[Apache] Creating a reverse-proxy

Sometimes, we have several application servers on different computers and we want that applications hosted on them can be accessed from a unique entry point.
This entry point is often behind a domain name mapped on a unique IP address. It's possible to provide several application serves with one httpd Apache server which will be the entry point.

This one can authorize access to applications with htaccess.

Different kinds of reverse proxy
Setting the scene
Reverse-Proxy with URL rewriting
Reverse-Proxy with mod_proxy

Different kinds of reverse proxy :

With httpd it's possible to do reverse proxy by 2 ways :

by URL rewriting
with the Proxy module

URL rewriting advantages is that this module is often integrated by default in httpd and o, easy to use.
On the other hand, the Proxy module isn't set up and therefore it must be added. This last module is totally dedicated to this task and so, it is optimum.

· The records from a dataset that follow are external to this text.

theorem theorem3:
  fixes n :: nat and \<sigma> :: "real \<Rightarrow> real"
  assumes "n \<ge> 1" and "continuous_on UNIV \<sigma>" and "non_polynomial \<sigma>"
  shows "(\<forall>m E a b \<epsilon>. is_multigraph_output m E a b \<and> a \<noteq> b \<and> size E \<le> 4 \<and> \<epsilon> > 0 \<longrightarrow>
            (\<exists>F. ppgn \<sigma> n F \<and> (\<forall>X \<in> simple_adj n. \<forall>i<n. \<forall>j<n.
                 \<bar>F X i j - hom_poly n m E a b X i j\<bar> < \<epsilon>)))
       \<and> (\<forall>m E a b \<epsilon>. is_multigraph_output m E a b \<and> a = b \<and> size E \<le> 5 \<and> \<epsilon> > 0 \<longrightarrow>
            (\<exists>F. ppgn \<sigma> n F \<and> (\<forall>X \<in> simple_adj n. \<forall>i<n.
                 \<bar>F X i i - hom_poly n m E a b X i i\<bar> < \<epsilon>)))
       \<and> (\<forall>m E a b \<epsilon>. is_multigraph_output m E a b \<and> a = b \<and> size E \<le> 2 \<and> \<epsilon> > 0 \<longrightarrow>
            (\<exists>F. mpnn \<sigma> n F \<and> (\<forall>X \<in> simple_adj n. \<forall>i<n.
                 \<bar>F X i - hom_poly n m E a b X i i\<bar> < \<epsilon>)))"
proof (intro conjI allI impI)
  fix m E a b and \<epsilon> :: real
  assume H: "is_multigraph_output m E a b \<and> a \<noteq> b \<and> size E \<le> 4 \<and> \<epsilon> > 0"
  then obtain F where "ppgn \<sigma> n F" "\<forall>X\<in>simple_adj n. \<forall>i<n. \<forall>j<n. F X i j = hom_poly n m E a b X i j"
    using ppgn_hom_poly[OF assms(2,3), of m E a b n] by auto
  with H show "\<exists>F. ppgn \<sigma> n F \<and> (\<forall>X \<in> simple_adj n. \<forall>i<n. \<forall>j<n. \<bar>F X i j - hom_poly n m E a b X i j\<bar> < \<epsilon>)"
    by auto
next
  fix m E a b and \<epsilon> :: real
  assume H: "is_multigraph_output m E a b \<and> a = b \<and> size E \<le> 5 \<and> \<epsilon> > 0"
  then obtain F where "ppgn \<sigma> n F" "\<forall>X\<in>simple_adj n. \<forall>i<n. F X i i = hom_poly n m E a b X i i"
    using ppgn_hom_poly[OF assms(2,3), of m E a b n] by auto
  with H show "\<exists>F. ppgn \<sigma> n F \<and> (\<forall>X \<in> simple_adj n. \<forall>i<n. \<bar>F X i i - hom_poly n m E a b X i i\<bar> < \<epsilon>)"
    by auto
next
  fix m E a b and \<epsilon> :: real
  assume H: "is_multigraph_output m E a b \<and> a = b \<and> size E \<le> 2 \<and> \<epsilon> > 0"
  then obtain F where "mpnn \<sigma> n F" "\<forall>X\<in>simple_adj n. \<forall>i<n. F X i = hom_poly n m E a a X i i"
    using mpnn_hom_poly[OF assms(2,3), of m E a n] by auto
  with H show "\<exists>F. mpnn \<sigma> n F \<and> (\<forall>X \<in> simple_adj n. \<forall>i<n. \<bar>F X i - hom_poly n m E a b X i i\<bar> < \<epsilon>)"
    by auto
qed

end
lemma height_two_peaks:
  "i \<le> 4*m \<Longrightarrow> height (two_peaks m) i =
     int (if i \<le> m then i else if i \<le> 2*m then 2*m-i else if i \<le> 3*m then i-2*m else 4*m-i)"
proof (induction i)
  case 0
  then show ?case by (simp add: height_def)
next
  case (Suc i)
  then show ?case by (auto simp: height_Suc colour_sign_def two_peaks_def)
qed

lemma level_two_peaks: "i < 4*m \<Longrightarrow> level (two_peaks m) i = int (peak_level m i)"
  using height_two_peaks[of i m] height_two_peaks[of "Suc i" m]
  by (auto simp: level_def peak_level_def)

lemma peak_level_less: "i < 4*m \<Longrightarrow> peak_level m i < m"
  by (auto simp: peak_level_def)

lemma peak_reflections:
  assumes "i < 4*m"
  shows "i < 2*m \<Longrightarrow> peak_level m (2*m-1-i) = peak_level m i \<and> two_peaks m (2*m-1-i) \<noteq> two_peaks m i"
    and "2*m \<le> i \<Longrightarrow> peak_level m (6*m-1-i) = peak_level m i \<and> two_peaks m (6*m-1-i) \<noteq> two_peaks m i"
    and "peak_level m (4*m-1-i) = peak_level m i \<and> two_peaks m (4*m-1-i) \<noteq> two_peaks m i"
  using assms by (auto simp: peak_level_def two_peaks_def)

lemma level_pairing_peak_pairing:
  shows "level_pairing (4*m) (two_peaks m) (peak_pairing m T)"
proof -
  have "peak_pairing m T i < 4*m \<and> peak_pairing m T (peak_pairing m T i) = i
      \<and> two_peaks m (peak_pairing m T i) \<noteq> two_peaks m i
      \<and> peak_level m (peak_pairing m T i) = peak_level m i" if "i < 4*m" for i
    using peak_reflections[OF that] that by (auto simp: peak_pairing_def)
  moreover have "height (two_peaks m) (4*m) = 0" using height_two_peaks[of "4*m" m] by simp
  ultimately show ?thesis
    by (auto simp: level_pairing_def level_two_peaks)
qed

definition peak_chords :: "nat \<Rightarrow> (nat \<Rightarrow> bool) \<Rightarrow> nat \<Rightarrow> (nat \<times> nat) set" where
  "peak_chords m T k =
     (if T k then {(k, 2*m-1-k), (2*m+k, 4*m-1-k)} else {(k, 4*m-1-k), (2*m-1-k, 2*m+k)})"

lemma peak_pairing_chord:
  "i < 4*m \<Longrightarrow> \<exists>(a, b)\<in>peak_chords m T (peak_level m i). {i, peak_pairing m T i} = {a, b}"
  by (auto simp: peak_chords_def peak_pairing_def peak_level_def)

lemma peak_chords_cross:
  assumes "k < m" "k' < m" "(a, b) \<in> peak_chords m T k" "(x, y) \<in> peak_chords m T k'"
    and "chords_cross a b x y"
  shows "T k \<and> \<not> T k' \<and> k < k' \<or> T k' \<and> \<not> T k \<and> k' < k"
proof -
  have "a < b" "x < y" using assms(1-4) by (auto simp: peak_chords_def split: if_splits)
  then have "a < x \<and> x < b \<and> b < y \<or> x < a \<and> a < y \<and> y < b"
    using assms(5) by (simp add: chords_cross_ordered)
  then show ?thesis using assms(1-4) by (auto simp: peak_chords_def split: if_splits)
qed

lemma peak_pairing_chords_cross:
  assumes "i < 4*m" "j < 4*m" "chords_cross i (peak_pairing m T i) j (peak_pairing m T j)"
  shows "T (peak_level m i) \<and> \<not> T (peak_level m j) \<and> peak_level m i < peak_level m j
    \<or> T (peak_level m j) \<and> \<not> T (peak_level m i) \<and> peak_level m j < peak_level m i"
proof -
  obtain a b where ab: "(a, b) \<in> peak_chords m T (peak_level m i)" "{i, peak_pairing m T i} = {a, b}"
    using peak_pairing_chord[OF assms(1)] by blast
  obtain x y where xy: "(x, y) \<in> peak_chords m T (peak_level m j)" "{j, peak_pairing m T j} = {x, y}"
    using peak_pairing_chord[OF assms(2)] by blast
  have "chords_cross a b x y" using assms(3) chords_cross_cong[OF ab(2) xy(2)] by simp
  with peak_level_less[OF assms(1)] peak_level_less[OF assms(2)] ab(1) xy(1)
  show ?thesis by (rule peak_chords_cross)
qed

lemma subsemigroup_gap:
  assumes "subsemigroup D" "u \<in> insert 0 D" "u + v \<notin> insert 0 D"
  shows "v \<notin> D"
  using assms by (auto simp: subsemigroup_def)

lemma I_D_witness_positive:
  assumes D: "subsemigroup D" and "d \<notin> D" "0 < d"
  shows "\<exists>p\<in>I_D D. crossing_at p d"
proof -
  define m where "m = Suc d"
  let ?T = "\<lambda>k. k \<in> insert 0 D"
  let ?F = "peak_pairing m ?T"
  note pairing = level_pairing_peak_pairing[of m ?T]
  have "lower_part (4*m) (two_peaks m) ?F \<in> I_D D"
  proof (rule lower_part_in_I_D[OF pairing])
    fix i j assume ij: "i < 4*m" "j < 4*m" and "chords_cross i (?F i) j (?F j)"
    then consider "?T (peak_level m i)" "\<not> ?T (peak_level m j)" "peak_level m i < peak_level m j"
      | "?T (peak_level m j)" "\<not> ?T (peak_level m i)" "peak_level m j < peak_level m i"
      using peak_pairing_chords_cross by blast
    then show "nat \<bar>level (two_peaks m) j - level (two_peaks m) i\<bar> \<notin> D"
    proof cases
      case 1
      then show ?thesis
        using ij subsemigroup_gap[OF D, of "peak_level m i" "peak_level m j - peak_level m i"]
        by (simp add: level_two_peaks nat_abs_int_diff flip: of_nat_diff)
    next
      case 2
      then show ?thesis
        using ij subsemigroup_gap[OF D, of "peak_level m j" "peak_level m i - peak_level m j"]
        by (simp add: level_two_peaks nat_abs_int_diff flip: of_nat_diff)
    qed
  qed
  moreover have "crossing_at (lower_part (4*m) (two_peaks m) ?F) d"
  proof -
    have "?F 0 = 2*m - 1" "?F d = 4*m - 1 - d" "peak_level m 0 = 0" "peak_level m d = d"
      using assms by (simp_all add: m_def peak_pairing_def peak_level_def)
    then show ?thesis
      using lower_part_crossing_at[OF pairing, of 0 d] \<open>0 < d\<close>
      by (simp add: m_def level_two_peaks chords_cross_def)
  qed
  ultimately show ?thesis by blast
qed

lemma height_alternating: "height even i = (if even i then 0 else 1)"
  by (induction i) (simp_all add: height_Suc colour_sign_def height_def)

lemma level_alternating: "level even i = 0"
  by (simp add: level_def height_alternating)

lemma level_pairing_alternating: "level_pairing 6 even (\<lambda>i. (i + 3) mod 6)"
proof -
  have "(i + 3) mod 6 < 6 \<and> ((i + 3) mod 6 + 3) mod 6 = i \<and> even ((i + 3) mod 6) \<noteq> even i"
    if "i < 6" for i :: nat
  proof -
    have "i = 0 \<or> i = 1 \<or> i = 2 \<or> i = 3 \<or> i = 4 \<or> i = 5" using that by auto
    then show ?thesis by auto
  qed
  then show ?thesis by (simp add: level_pairing_def level_alternating height_alternating)
qed

lemma I_D_witness_zero:
  assumes "0 \<notin> D"
  shows "\<exists>p\<in>I_D D. crossing_at p 0"
proof -
  have "lower_part 6 even (\<lambda>i. (i + 3) mod 6) \<in> I_D D"
    by (rule lower_part_in_I_D[OF level_pairing_alternating]) (simp add: level_alternating assms)
  moreover have "crossing_at (lower_part 6 even (\<lambda>i. (i + 3) mod 6)) 0"
    using lower_part_crossing_at[OF level_pairing_alternating, of 0 1]
    by (simp add: level_alternating chords_cross_def)
  ultimately show ?thesis by blast
qed

lemma I_D_witness:
  assumes "subsemigroup D" "d \<notin> D"
  shows "\<exists>p\<in>I_D D. crossing_at p d"
  using assms I_D_witness_zero I_D_witness_positive by (cases "d = 0") auto

lemma I_D_subset_imp_superset:
  assumes "subsemigroup D1" "I_D D1 \<subseteq> I_D D2"
  shows "D2 \<subseteq> D1"
proof
  fix d assume "d \<in> D2"
  show "d \<in> D1"
  proof (rule ccontr)
    assume "d \<notin> D1"
    then obtain p where "p \<in> I_D D1" "crossing_at p d" using I_D_witness assms(1) by blast
    with \<open>d \<in> D2\<close> assms(2) show False using not_in_I_D_if_crossing_at by blast
  qed
qed

theorem theorem1:
  assumes "subsemigroup D1" and "subsemigroup D2" and "I_D D1 = I_D D2"
  shows "D1 = D2"
  using I_D_subset_imp_superset[OF assms(1)] I_D_subset_imp_superset[OF assms(2)] assms(3)
  by blast

end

Sometimes, we have to use both in the same time.
For example, in my company, we have Ruby On Rails and Java applications. Strangely, the reverse proxy made with the URL rewriting works with Rails applications but doesn't with Java apps and the Proxy module works with Java app but doesn't with Rails apps...

It's possible to use both methods in the same time without problem.

Setting the scene :

The reverse proxy is the only entry point and behind it, some applications must be protected by htaccess.

To do this, I'd used VirtualHost of httpd, each one redirecting to the same "application" : a simple PHP page as a portal.
Each application responses by a subdomain name.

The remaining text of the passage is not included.